For those that prefer to spice it up whenever possible, Mamma Mia! is the ideal selection. The Mamma Mia! showcases the spice of Southern Italy with San Marzano tomato, Soppressata Salami, pancetta, mozzarella, Italian sausage, red onion and a hot pepper medley. To pair, perhaps the best red wine that you have never heard of.

Aglianico is noted amongst the best red wine varietals in Italy, along with Sangiovese and Nebbiolo. That is certainly fine company, but Aglianico's global diaspora has been surprisingly limited. Only recently has the grape [finally] been moving into mainstream wine-enthusiast circles.

Aglianico is also known to be one of Italy’s oldest varietals, migrating to Italy from Greece in the eighth century B.C.E. and accompanying (causing?) intoxicated debauchery during the rise and fall of the Roman Empire. Even in the days of Caesar, there were ample vinous options for the ancient oenophile.

The varietal is most often derived from volcanic soils that yield complex, highly structured wines. It’s floral aromatics, high tannins and balancing acidity have earned it the nickname, the Nebbiolo of the South. While you have likely surmised my affinity for Nebbiolo, I must say without hesitation that Aglianico is definitely worth some diligent and inebriating exploration.

This wine from Gioviano Irpinia was beautifully aromatic with scents of blackberry, cherry, plum and oaked characteristics of cedar and tobacco.
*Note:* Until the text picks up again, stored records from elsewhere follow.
(* (i) Let $G=(V,E,w)$ be a weighted graph with $n=|V|\ge 3$ vertices and symmetric nonnegative weights. Then $\rho^*_G\in[1,n-2]$. (ii) Let $G=(V,E)$ be a connected unweighted graph with $n=|V|$ and $m=|E|$. Then $\rho^*_G\in\left[1,\frac{n^2-2n}{2m-n}\right]$.
   Context: Let $V=\{v_1,\dots,v_n\}$; weights are given by a symmetric nonnegative matrix with $w_{ij}=0$ when $(v_i,v_j)\notin E$. An unweighted graph has all edge weights equal to $1$. An HC-tree for $V$ is a rooted tree with leaf set $V$; LCA denotes lowest common ancestor. For distinct $i,j,k$: relation $\{i,j|k\}$ holds in $T$ if $\mathrm{LCA}(v_i,v_j)$ is a proper descendant of $\mathrm{LCA}(v_i,v_j,v_k)$; $\{i|j|k\}$ holds if $\mathrm{LCA}(v_i,v_j)=\mathrm{LCA}(v_j,v_k)=\mathrm{LCA}(v_i,v_j,v_k)$. The triplet cost $c_T(i,j,k)$ is $w_{ik}+w_{jk}$ if $\{i,j|k\}$ holds, $w_{ij}+w_{jk}$ if $\{i,k|j\}$, $w_{ij}+w_{ik}$ if $\{j,k|i\}$, and $w_{ij}+w_{jk}+w_{ik}$ if $\{i|j|k\}$. $\mathrm{TC}_G(T)=\sum c_T(i,j,k)$ over unordered triples of distinct indices; base cost $\mathrm{BC}(G)=\sum\min\{w_{ij}+w_{ik},w_{ij}+w_{jk},w_{ik}+w_{jk}\}$ over the same triples. The ratio-cost is $\rho_G(T)=\mathrm{TC}_G(T)/\mathrm{BC}(G)$ with conventions $0/0=1$ and $x/0=+\infty$ for $x>0$, and $\rho^*_G=\min_T\rho_G(T)$ over all HC-trees $T$ for $V$. *)

theory Defs
  imports Complex_Main "HOL-Library.Sublist" "HOL-Library.Extended_Real"
begin

text \<open>Vertices are v_0,...,v_{n-1}, identified with the naturals below n.
  HC-trees: rooted (ordered) trees; internal nodes have a nonempty list of children,
  leaves carry a vertex label.\<close>

datatype htree = Lf nat | Nd "htree list"

fun lvs :: "htree \<Rightarrow> nat list" where
  "lvs (Lf v) = [v]"
| "lvs (Nd ts) = concat (map lvs ts)"

fun wf_ht :: "htree \<Rightarrow> bool" where
  "wf_ht (Lf v) = True"
| "wf_ht (Nd ts) = (ts \<noteq> [] \<and> (\<forall>t\<in>set ts. wf_ht t))"

definition hc_tree :: "nat \<Rightarrow> htree \<Rightarrow> bool" where
  "hc_tree n T \<longleftrightarrow> wf_ht T \<and> distinct (lvs T) \<and> set (lvs T) = {..<n}"

text \<open>Nodes are addressed by positions (paths of child indices from the root).\<close>
primrec subtree_at :: "htree \<Rightarrow> nat list \<Rightarrow> htree option" where
  "subtree_at t [] = Some t"
| "subtree_at t (i # p) = (case t of Lf _ \<Rightarrow> None
                   | Nd ts \<Rightarrow> if i < length ts then subtree_at (ts ! i) p else None)"

definition pos :: "htree \<Rightarrow> nat list set" where
  "pos t = {p. subtree_at t p \<noteq> None}"

definition cl :: "htree \<Rightarrow> nat list \<Rightarrow> nat set" where
  "cl t p = set (lvs (the (subtree_at t p)))"

text \<open>Ancestor = prefix of positions. LCA of a set S of leaves: the common ancestor
  that is a descendant of every common ancestor.\<close>
definition lca :: "htree \<Rightarrow> nat set \<Rightarrow> nat list" where
  "lca t S = (THE p. p \<in> pos t \<and> S \<subseteq> cl t p \<and>
                     (\<forall>q\<in>pos t. S \<subseteq> cl t q \<longrightarrow> prefix q p))"

definition rel2 :: "htree \<Rightarrow> nat \<Rightarrow> nat \<Rightarrow> nat \<Rightarrow> bool" where
  "rel2 t i j k \<longleftrightarrow> strict_prefix (lca t {i,j,k}) (lca t {i,j})"

definition rel3 :: "htree \<Rightarrow> nat \<Rightarrow> nat \<Rightarrow> nat \<Rightarrow> bool" where
  "rel3 t i j k \<longleftrightarrow> lca t {i,j} = lca t {j,k} \<and> lca t {j,k} = lca t {i,j,k}"

definition tcost :: "(nat \<Rightarrow> nat \<Rightarrow> real) \<Rightarrow> htree \<Rightarrow> nat \<Rightarrow> nat \<Rightarrow> nat \<Rightarrow> real" where
  "tcost w t i j k =
     (if rel2 t i j k then w i k + w j k
      else if rel2 t i k j then w i j + w j k
      else if rel2 t j k i then w i j + w i k
      else if rel3 t i j k then w i j + w j k + w i k
      else 0)"

definition triples :: "nat \<Rightarrow> (nat \<times> nat \<times> nat) set" where
  "triples n = {(i,j,k). i < j \<and> j < k \<and> k < n}"

definition TC :: "nat \<Rightarrow> (nat \<Rightarrow> nat \<Rightarrow> real) \<Rightarrow> htree \<Rightarrow> real" where
  "TC n w t = (\<Sum>(i,j,k)\<in>triples n. tcost w t i j k)"

definition BC :: "nat \<Rightarrow> (nat \<Rightarrow> nat \<Rightarrow> real) \<Rightarrow> real" where
  "BC n w = (\<Sum>(i,j,k)\<in>triples n.
      min (w i j + w i k) (min (w i j + w j k) (w i k + w j k)))"

text \<open>Ratio cost with 0/0 = 1 and x/0 = +\<infinity> for x > 0.\<close>
definition ratio :: "nat \<Rightarrow> (nat \<Rightarrow> nat \<Rightarrow> real) \<Rightarrow> htree \<Rightarrow> ereal" where
  "ratio n w t = (if BC n w = 0 then (if TC n w t = 0 then 1 else \<infinity>)
                  else ereal (TC n w t / BC n w))"

definition rho_star :: "nat \<Rightarrow> (nat \<Rightarrow> nat \<Rightarrow> real) \<Rightarrow> ereal" where
  "rho_star n w = Inf (ratio n w ` {T. hc_tree n T})"

definition simple_graph :: "nat \<Rightarrow> nat set set \<Rightarrow> bool" where
  "simple_graph n E \<longleftrightarrow> (\<forall>e\<in>E. \<exists>i j. e = {i,j} \<and> i \<noteq> j \<and> i < n \<and> j < n)"

definition connected_graph :: "nat \<Rightarrow> nat set set \<Rightarrow> bool" where
  "connected_graph n E \<longleftrightarrow>
     (\<forall>i<n. \<forall>j<n. (i, j) \<in> {(a, b). {a, b} \<in> E}\<^sup>*)"

definition unw :: "nat set set \<Rightarrow> nat \<Rightarrow> nat \<Rightarrow> real" where
  "unw E i j = (if {i,j} \<in> E then 1 else 0)"

end

theory Submission
  imports Defs "HOL-Library.Disjoint_Sets" "HOL-Library.Product_Lexorder"
begin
The palate was firm with strong mineral elements and subtle smoky and spice notes and astringent tannin. The Mamma Mia! is rich with three types of fatty meats and spiced with the hot pepper medley. In essence, there is a lot thrown at your poor, unsuspecting palate. The Agianico handles it all, brilliantly. Possessing great structure and depth of flavor, this youthful wine would benefit from some time to decant, smoothing out the firm tannin and allowing the fruit to shine. If you are ordering at Brick Fire, I would recommend doing so early and allowing the wine to decant in the glass while you partake in an aperitif and some appetizers.

With that our trilogy comes to its conclusion. A special tip of the cap to our metaphorical travel guide, Brick Fire Tavern, and all of the passion and knowledge it brings to pizza-making in the Pacific! Now that you are are armed with some pizza and wine pairing tips, get out into the wonderful, tasty world and explore!!